Please use these parameters to run your WES analysis with sarek:

```bash
#!/bin/bash
module purge
module load devel/singularity/3.4.2
nextflow run nf-core/sarek -r 2.6.1 \
-profile cfc \
--genome 'GRCh38' \
--input 'input.tsv' \
--tools 'HaplotypeCaller,Strelka,manta,ascat,controlFreec,VEP,snpEff' \
--no_gatk_spark \
--targetBED `/path/to/targetBED`
```

### Important remarks for WES analysis

* *TargetBED* files: the target BED files are provided by the Exome capture kit companies. For common Human genomes and capture kits, the BED files are available in the `cfc` and `Binac` clusters. If your BED file is not there, contact your team leader.

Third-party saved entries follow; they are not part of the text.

(* Let $A$ be a unital associative $\mathbb{K}$-algebra. Then $(T^+(A),\bar\bullet^\ell,P_A)$ is a $TD$-algebra with unit $1_A\otimes 1_{\mathbb{K}}$; that is, for all $x,y\in T^+(A)$, $$P_A(x)\,\bar\bullet^\ell\,P_A(y)=P_A\bigl(x\,\bar\bullet^\ell\,P_A(y)+P_A(x)\,\bar\bullet^\ell\,y-x\,\bar\bullet^\ell\,P_A(1_A)\,\bar\bullet^\ell\,y\bigr),$$ where $P_A(1_A)=1_A\otimes1_A$.
   Context: $\mathbb{K}$ is a field of characteristic $0$, $A$ has product $[a;b]$ and unit $1_A$. $T(A)=\bigoplus_{n\ge0}A^{\otimes n}$ with $A^{\otimes0}=\mathbb{K}1_{\mathbb{K}}$; $a\otimes1_{\mathbb{K}}$ is identified with $a$. The left-shift shuffle $\bullet^\ell$ is the bilinear product on $T(A)$ with $k1_{\mathbb{K}}\bullet^\ell U=kU=U\bullet^\ell k1_{\mathbb{K}}$ and, for $a,b\in A$, $U,V\in T(A)$, $(a\otimes U)\bullet^\ell(b\otimes V)=a\otimes\bigl(U\bullet^\ell(b\otimes V)\bigr)+b\otimes\bigl((a\otimes U)\bullet^\ell V\bigr)-[a;b]\otimes1_A\otimes(U\bullet^\ell V)$; it is associative with unit $1_{\mathbb{K}}$. $T^+(A):=A\otimes T(A)=\bigoplus_{n\ge1}A^{\otimes n}$ with product $(a\otimes U)\,\bar\bullet^\ell\,(b\otimes V):=[a;b]\otimes(U\bullet^\ell V)$ and unit $1_A\otimes1_{\mathbb{K}}$ (identified with $1_A$). $P_A:T^+(A)\to T^+(A)$ is the linear map $P_A(a_1\otimes\cdots\otimes a_n)=1_A\otimes a_1\otimes\cdots\otimes a_n$. A $TD$-algebra is a pair $(B,P)$, $B$ a unital associative algebra, $P:B\to B$ linear with $P(x)P(y)=P\bigl(P(x)y+xP(y)\bigr)-P\bigl(x\,P(1_B)\,y\bigr)$ for all $x,y$. *)

theory Defs
  imports Main HOL.Vector_Spaces "HOL-Library.Poly_Mapping"
begin

text \<open>
Model of the tensor algebra T(A) over a field K:
T(A) is the quotient of the free K-vector space on words (lists) of elements of A,
i.e. the type of finitely supported maps from words to K, by the subspace generated by the multilinearity
relations in every tensor slot (see tensor_rel).  A word [a1,...,an] stands for the pure
tensor a1 \<otimes> ... \<otimes> an, and [] stands for 1_K.  All operations are defined on words and
extended linearly/bilinearly to the free space; equalities in T(A) are equalities modulo
tensor_rel.
\<close>

definition fscale :: "'k::comm_ring_1 \<Rightarrow> ('w \<Rightarrow>\<^sub>0 'k) \<Rightarrow> ('w \<Rightarrow>\<^sub>0 'k)" where
  "fscale c p = Poly_Mapping.map (\<lambda>x. c * x) p"

definition word :: "'w \<Rightarrow> ('w \<Rightarrow>\<^sub>0 'k::comm_ring_1)" where
  "word w = Poly_Mapping.single w 1"

definition linext :: "('w \<Rightarrow> ('v \<Rightarrow>\<^sub>0 'k::comm_ring_1)) \<Rightarrow> ('w \<Rightarrow>\<^sub>0 'k) \<Rightarrow> ('v \<Rightarrow>\<^sub>0 'k)" where
  "linext f p = (\<Sum>u\<in>Poly_Mapping.keys p. fscale (Poly_Mapping.lookup p u) (f u))"

definition bilext :: "('w \<Rightarrow> 'w \<Rightarrow> ('v \<Rightarrow>\<^sub>0 'k::comm_ring_1)) \<Rightarrow> ('w \<Rightarrow>\<^sub>0 'k) \<Rightarrow> ('w \<Rightarrow>\<^sub>0 'k) \<Rightarrow> ('v \<Rightarrow>\<^sub>0 'k)" where
  "bilext f p q = (\<Sum>u\<in>Poly_Mapping.keys p. \<Sum>v\<in>Poly_Mapping.keys q. fscale (Poly_Mapping.lookup p u * Poly_Mapping.lookup q v) (f u v))"

definition tcons :: "'a \<Rightarrow> ('a list \<Rightarrow>\<^sub>0 'k::comm_ring_1) \<Rightarrow> ('a list \<Rightarrow>\<^sub>0 'k)" where
  "tcons a = linext (\<lambda>u. word (a # u))"

fun wsh :: "('a::ring_1) list \<Rightarrow> 'a list \<Rightarrow> ('a list \<Rightarrow>\<^sub>0 'k::comm_ring_1)" where
  "wsh [] V = word V"
| "wsh U [] = word U"
| "wsh (a # U) (b # V) =
     tcons a (wsh U (b # V)) + tcons b (wsh (a # U) V) - tcons (a * b) (tcons 1 (wsh U V))"

definition lsh :: "('a::ring_1 list \<Rightarrow>\<^sub>0 'k::comm_ring_1) \<Rightarrow> ('a list \<Rightarrow>\<^sub>0 'k) \<Rightarrow> ('a list \<Rightarrow>\<^sub>0 'k)" where
  "lsh = bilext wsh"

text \<open>the product on T^+(A) on words: (a\<otimes>U) bar (b\<otimes>V) = [a;b] \<otimes> (U \<bullet> V)
  (the value on the empty word is irrelevant, T^+(A) has no length-0 component)\<close>
fun wbar :: "('a::ring_1) list \<Rightarrow> 'a list \<Rightarrow> ('a list \<Rightarrow>\<^sub>0 'k::comm_ring_1)" where
  "wbar (a # U) (b # V) = tcons (a * b) (wsh U V)"
| "wbar _ _ = 0"

definition lbar :: "('a::ring_1 list \<Rightarrow>\<^sub>0 'k::comm_ring_1) \<Rightarrow> ('a list \<Rightarrow>\<^sub>0 'k) \<Rightarrow> ('a list \<Rightarrow>\<^sub>0 'k)" where
  "lbar = bilext wbar"

definition PA :: "('a::ring_1 list \<Rightarrow>\<^sub>0 'k::comm_ring_1) \<Rightarrow> ('a list \<Rightarrow>\<^sub>0 'k)" where
  "PA = tcons 1"

text \<open>the subspace of multilinearity relations; scale is the K-action on A\<close>
inductive_set tensor_rel :: "('k::comm_ring_1 \<Rightarrow> 'a::plus \<Rightarrow> 'a) \<Rightarrow> ('a list \<Rightarrow>\<^sub>0 'k) set"
  for scale where
  zero: "0 \<in> tensor_rel scale"
| add_gen: "word (u @ (a + b) # v) - word (u @ a # v) - word (u @ b # v) \<in> tensor_rel scale"
| smul_gen: "word (u @ scale c a # v) - fscale c (word (u @ a # v)) \<in> tensor_rel scale"
| plus: "p \<in> tensor_rel scale \<Longrightarrow> q \<in> tensor_rel scale \<Longrightarrow> p + q \<in> tensor_rel scale"
| cmul: "p \<in> tensor_rel scale \<Longrightarrow> fscale c p \<in> tensor_rel scale"

definition teq :: "('k::comm_ring_1 \<Rightarrow> 'a::plus \<Rightarrow> 'a) \<Rightarrow> ('a list \<Rightarrow>\<^sub>0 'k) \<Rightarrow> ('a list \<Rightarrow>\<^sub>0 'k) \<Rightarrow> bool" where
  "teq scale p q \<longleftrightarrow> p - q \<in> tensor_rel scale"

definition in_Tplus :: "('a list \<Rightarrow>\<^sub>0 'k::zero) \<Rightarrow> bool" where
  "in_Tplus p \<longleftrightarrow> [] \<notin> Poly_Mapping.keys p"

end

theory Submission
  imports Defs
begin

text \<open>
  Both sides of the identity are bilinear in \<open>x\<close> and \<open>y\<close>, so it suffices to check it on pure
  tensors \<open>x = a \<otimes> U\<close>, \<open>y = b \<otimes> V\<close>. There \<open>U \<bullet> 1\<^sub>A = 1\<^sub>A \<otimes> U\<close> and
  \<open>(1\<^sub>A \<otimes> U) \<bullet> V = 1\<^sub>A \<otimes> (U \<bullet> V)\<close>, and after applying \<open>P\<^sub>A\<close> the right-hand side becomes
  \<open>1\<^sub>A \<otimes> ((a \<otimes> U) \<bullet> (b \<otimes> V))\<close> expanded by the defining recursion of the left-shift shuffle,
  which is the left-hand side. The identity therefore already holds for the free vector space
  on words, before passing to the quotient by the multilinearity relations.
\<close>

lemma lookup_fscale [simp]: "Poly_Mapping.lookup (fscale c p) k = c * Poly_Mapping.lookup p k"
  by (simp add: fscale_def Poly_Mapping.map.rep_eq when_def)

lemma fscale_add: "fscale c (p + q) = fscale c p + fscale c q"
  by (rule poly_mapping_eqI) (simp add: lookup_add distrib_left)

lemma fscale_diff: "fscale c (p - q) = fscale c p - fscale c q"
  by (rule poly_mapping_eqI) (simp add: lookup_minus right_diff_distrib)

lemma fscale_add_left: "fscale (a + b) p = fscale a p + fscale b p"
  by (rule poly_mapping_eqI) (simp add: lookup_add distrib_right)

lemma fscale_fscale: "fscale a (fscale b p) = fscale (a * b) p"
  by (rule poly_mapping_eqI) (simp add: mult.assoc)

lemma fscale_sum: "fscale c (sum g S) = (\<Sum>x\<in>S. fscale c (g x))"
  by (rule poly_mapping_eqI) (simp add: lookup_sum sum_distrib_left)

lemma fscale_one [simp]: "fscale 1 p = p"
  by (rule poly_mapping_eqI) simp

lemma fscale_zero [simp]: "fscale 0 p = 0"
  by (rule poly_mapping_eqI) simp

lemma lookup_word_self [simp]: "Poly_Mapping.lookup (word u :: _ \<Rightarrow>\<^sub>0 'k::comm_ring_1) u = 1"
  by (simp add: word_def)

lemma keys_word [simp]: "Poly_Mapping.keys (word u :: _ \<Rightarrow>\<^sub>0 'k::comm_ring_1) = {u}"
  by (simp add: word_def)

lemma poly_mapping_sum_words:
  "p = (\<Sum>u\<in>Poly_Mapping.keys p. fscale (Poly_Mapping.lookup p u) (word u))"
proof -
  have lookup_partial_sum: "finite I \<Longrightarrow>
      Poly_Mapping.lookup (\<Sum>i\<in>I. fscale (Poly_Mapping.lookup p i) (word i)) j =
      (if j \<in> I then Poly_Mapping.lookup p j else 0)" for I j
    by (induction I rule: finite_induct) (auto simp: word_def lookup_single lookup_add when_def)
  show ?thesis
    by (rule poly_mapping_eqI) (fastforce simp add: in_keys_iff lookup_partial_sum)
qed

lemma linext_superset:
  assumes "finite S" "Poly_Mapping.keys p \<subseteq> S"
  shows "linext f p = (\<Sum>u\<in>S. fscale (Poly_Mapping.lookup p u) (f u))"
  unfolding linext_def
  by (rule sum.mono_neutral_left) (use assms in \<open>auto simp: in_keys_iff\<close>)

lemma linext_add: "linext f (p + q) = linext f p + linext f q"
proof -
  let ?S = "Poly_Mapping.keys p \<union> Poly_Mapping.keys q"
  have "linext f (p + q) = (\<Sum>u\<in>?S. fscale (Poly_Mapping.lookup (p + q) u) (f u))"
    by (rule linext_superset) (auto simp: keys_add)
  also have "\<dots> = (\<Sum>u\<in>?S. fscale (Poly_Mapping.lookup p u) (f u))
                 + (\<Sum>u\<in>?S. fscale (Poly_Mapping.lookup q u) (f u))"
    by (simp add: lookup_add fscale_add_left sum.distrib)
  also have "\<dots> = linext f p + linext f q"
    by (simp add: linext_superset[symmetric])
  finally show ?thesis .
qed

lemma linext_fscale: "linext f (fscale c p) = fscale c (linext f p)"
proof -
  have "linext f (fscale c p) =
      (\<Sum>u\<in>Poly_Mapping.keys p. fscale (Poly_Mapping.lookup (fscale c p) u) (f u))"
    by (rule linext_superset) (auto simp: in_keys_iff)
  also have "\<dots> = fscale c (linext f p)"
    by (simp add: linext_def fscale_sum fscale_fscale)
  finally show ?thesis .
qed

lemma linext_word [simp]: "linext f (word u) = f u"
  by (simp add: linext_def)

lemma bilext_eq_linext_left: "bilext f p q = linext (\<lambda>u. linext (f u) q) p"
  by (simp add: bilext_def linext_def fscale_sum fscale_fscale)

lemma bilext_eq_linext_right: "bilext f p q = linext (\<lambda>v. linext (\<lambda>u. f u v) p) q"
  unfolding bilext_def linext_def fscale_sum fscale_fscale
  by (subst sum.swap) (simp add: mult.commute)

definition fs_linear :: "(('w \<Rightarrow>\<^sub>0 'k::comm_ring_1) \<Rightarrow> ('v \<Rightarrow>\<^sub>0 'k)) \<Rightarrow> bool" where
  "fs_linear F \<longleftrightarrow> (\<forall>p q. F (p + q) = F p + F q) \<and> (\<forall>c p. F (fscale c p) = fscale c (F p))"

lemma fs_linear_addD: "fs_linear F \<Longrightarrow> F (p + q) = F p + F q"
  by (simp add: fs_linear_def)

lemma fs_linear_diffD: "fs_linear F \<Longrightarrow> F (p - q) = F p - F q"
  using fs_linear_addD[of F "p - q" q] by (simp add: eq_diff_eq)

lemma fs_linear_linext: "fs_linear (linext f)"
  by (simp add: fs_linear_def linext_add linext_fscale)

lemma fs_linear_compose: "fs_linear F \<Longrightarrow> fs_linear G \<Longrightarrow> fs_linear (\<lambda>x. F (G x))"
  by (simp add: fs_linear_def)

lemma fs_linear_add: "fs_linear F \<Longrightarrow> fs_linear G \<Longrightarrow> fs_linear (\<lambda>x. F x + G x)"
  by (simp add: fs_linear_def fscale_add)

lemma fs_linear_diff: "fs_linear F \<Longrightarrow> fs_linear G \<Longrightarrow> fs_linear (\<lambda>x. F x - G x)"
  by (simp add: fs_linear_def fscale_diff)

lemma fs_linear_sum:
  assumes "fs_linear F" "finite S"
  shows "F (sum g S) = (\<Sum>x\<in>S. F (g x))"
proof -
  have F_zero: "F 0 = 0"
    using fs_linear_diffD[OF assms(1), of 0 0] by simp
  from assms(2) show ?thesis
    by (induction S rule: finite_induct) (simp_all add: F_zero fs_linear_addD[OF assms(1)])
qed

lemma fs_linear_eq_linext:
  assumes "fs_linear F"
  shows "F p = linext (\<lambda>u. F (word u)) p"
proof -
  have "F p = F (\<Sum>u\<in>Poly_Mapping.keys p. fscale (Poly_Mapping.lookup p u) (word u))"
    by (subst poly_mapping_sum_words) (rule refl)
  also have "\<dots> = linext (\<lambda>u. F (word u)) p"
    using assms by (simp add: fs_linear_sum linext_def fs_linear_def)
  finally show ?thesis .
qed

lemma fs_linear_eqI:
  assumes "fs_linear F" "fs_linear G"
    and "\<And>u. u \<in> Poly_Mapping.keys p \<Longrightarrow> F (word u) = G (word u)"
  shows "F p = G p"
proof -
  have "F p = linext (\<lambda>u. F (word u)) p"
    by (rule fs_linear_eq_linext[OF assms(1)])
  also have "\<dots> = linext (\<lambda>u. G (word u)) p"
    by (simp add: linext_def assms(3))
  also have "\<dots> = G p"
    by (rule fs_linear_eq_linext[OF assms(2), symmetric])
  finally show ?thesis .
qed

lemma fs_bilinear_eqI:
  assumes "\<And>q. fs_linear (\<lambda>p. F p q)" "\<And>q. fs_linear (\<lambda>p. G p q)"
    and "\<And>p. fs_linear (F p)" "\<And>p. fs_linear (G p)"
    and "\<And>u v. u \<in> Poly_Mapping.keys p \<Longrightarrow> v \<in> Poly_Mapping.keys q \<Longrightarrow>
           F (word u) (word v) = G (word u) (word v)"
  shows "F p q = G p q"
proof (rule fs_linear_eqI[where F = "\<lambda>p. F p q" and G = "\<lambda>p. G p q"])
  fix u
  assume "u \<in> Poly_Mapping.keys p"
  then show "F (word u) q = G (word u) q"
    by (rule fs_linear_eqI[OF assms(3,4) assms(5)])
qed (fact assms)+

lemma fs_linear_tcons: "fs_linear (tcons a)"
  unfolding tcons_def by (rule fs_linear_linext)

lemma fs_linear_PA: "fs_linear PA"
  unfolding PA_def by (rule fs_linear_tcons)

lemma fs_linear_lbar_left: "fs_linear (\<lambda>p. lbar p q)"
  unfolding lbar_def bilext_eq_linext_left by (rule fs_linear_linext)

lemma fs_linear_lbar_right: "fs_linear (lbar p)"
  unfolding lbar_def bilext_eq_linext_right by (rule fs_linear_linext)

lemma tcons_add [simp]: "tcons a (p + q) = tcons a p + tcons a q"
  by (rule fs_linear_addD[OF fs_linear_tcons])

lemma tcons_diff [simp]: "tcons a (p - q) = tcons a p - tcons a q"
  by (rule fs_linear_diffD[OF fs_linear_tcons])

lemma tcons_word [simp]: "tcons a (word u) = word (a # u)"
  by (simp add: tcons_def)

lemma lbar_word [simp]: "lbar (word u) (word v) = wbar u v"
  by (simp add: lbar_def bilext_def)

lemma wsh_Nil_right [simp]: "wsh U [] = word U"
  by (cases U) simp_all

lemma wsh_one_right: "wsh U [1] = word (1 # U)"
  by (induction U) simp_all

lemma wsh_one_Cons_left: "wsh (1 # U) V = tcons 1 (wsh U V)"
  by (induction V) simp_all

lemma PA_lbar_identity_word:
  "lbar (PA (word (a # U))) (PA (word (b # V))) =
     PA (lbar (word (a # U)) (PA (word (b # V))) + lbar (PA (word (a # U))) (word (b # V))
         - lbar (lbar (word (a # U)) (PA (word [1]))) (word (b # V)))"
  by (simp add: PA_def wsh_one_right wsh_one_Cons_left)

theorem proposition4p7:
  fixes scale :: "'k::field_char_0 \<Rightarrow> 'a::ring_1 \<Rightarrow> 'a"
    and x y :: "'a list \<Rightarrow>\<^sub>0 'k"
  assumes "vector_space scale"
    and "\<And>c a b. scale c (a * b) = scale c a * b"
    and "\<And>c a b. scale c (a * b) = a * scale c b"
    and "in_Tplus x" and "in_Tplus y"
  shows "teq scale (lbar (PA x) (PA y))
           (PA (lbar x (PA y) + lbar (PA x) y
                - lbar (lbar x (PA (word [1]))) y))"
proof -
  have "lbar (PA x) (PA y) =
      PA (lbar x (PA y) + lbar (PA x) y - lbar (lbar x (PA (word [1]))) y)"
  proof (rule fs_bilinear_eqI[where F = "\<lambda>x y. lbar (PA x) (PA y)"
        and G = "\<lambda>x y. PA (lbar x (PA y) + lbar (PA x) y - lbar (lbar x (PA (word [1]))) y)"])
    fix u v
    assume "u \<in> Poly_Mapping.keys x" "v \<in> Poly_Mapping.keys y"
    then obtain a U b V where "u = a # U" "v = b # V"
      using \<open>in_Tplus x\<close> \<open>in_Tplus y\<close> unfolding in_Tplus_def by (metis list.exhaust)
    then show "lbar (PA (word u)) (PA (word v)) =
        PA (lbar (word u) (PA (word v)) + lbar (PA (word u)) (word v)
            - lbar (lbar (word u) (PA (word [1]))) (word v))"
      by (simp only: PA_lbar_identity_word)
  qed (intro fs_linear_compose[OF fs_linear_PA] fs_linear_add fs_linear_diff
      fs_linear_compose[OF fs_linear_lbar_left] fs_linear_compose[OF fs_linear_lbar_right]
      fs_linear_PA fs_linear_lbar_left fs_linear_lbar_right)+
  then show ?thesis
    unfolding teq_def by (simp add: tensor_rel.zero)
qed

end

  * `hg38` (`--genome GRCh38`) & `Agilent Technologies capture kit`

    ```txt
    /nfsmounts/igenomes/Homo_sapiens/UCSC/hg38/Exome_BED/S31285117_Regions_Agilent_Technologies_exome_hc38.bed
    ```

  * `hg19` & `Twist capture kit`

    ```txt
    /nfsmounts/igenomes/Homo_sapiens/UCSC/hg19/Exome_BED/Twist_Exome_Target_hg19_noUn_gl000228_2020_05_05.bed
    ```

  * Mouse `mm10` & `Agilent SureSelect All Exon`

    ```txt
    /nfsmounts/igenomes/Mus_musculus/UCSC/mm10/Exome_BED/mm10_Agilent_SureSelect_Mouse_All_Exon_Kit_2016_01_21_sorted.bed
    ```

  * Mouse `GRCm38` & `Agilent SureSelect Mouse`

    ```txt
    /nfsmounts/igenomes/Mus_musculus/Ensembl/GRCm38/Exome_BED/GRCm38_Agilent_SureSelect_Mouse_All_Exon_Kit_2016_01_21_sorted.bed
    ```

* Notes on Target BEDs: In general for WES data analysis people advise to use target regions that are padded (e.g. +- 150 bp), also the Sarek docs said that. But to be precise there are multiple aspects:
  * The mapping should be done on the whole reference to get information about multi reads mapping also outside of the exome (to discard)
  * Then reads mapping within the target exome regions should be kept, for this a padding should be added to prevent loosing reads at the boarders
  * for QC to get an unbiased view about the overall quality of the experiment its best to use the exact target regions without padding
  * and for the final variants it depends, if one want to be sure not to increase the number of FPs it would also make sense to use unpadded target regions. If the goal would be to get as many variants as possible, then of course one could use padded regions (which made quite a difference in the final numbers in my case)
  * Sarek actually maps reads against the whole reference, and then uses the targetBED file for the QC and to filter variants. So *simply hand over the unpadded target region*. This is usually provided by the Exon capture kit company.
* BED file compatibility: if you have to use your own BED file, make sure the chromosome names are compatible between the reference and the targetBED file (e.g. UCSC “chr1” <-> Ensemble “1”). For human, if they differ and your analysis is done only on main chromosomes, then you could simply convert the names by adding “chr” to the chromosome names.

### Known issues

* `2.6.1` release has a bug with `mutect2`, so avoid using this variant caller.
* our cluster has problems with MarkDuplicates Spark so that is why the `--no_gatk_spark` parameter should be provided.
* There is currently a bug regarding the reference names: if you specify `--genome GRCh38`, sarek actually uses `hg38` (UCSC naming convention, and not Ensembl). See the [issue](https://github.com/nf-core/sarek/issues/86).

## Reporting

Reporting hasn't been established yet for Exome sequencing.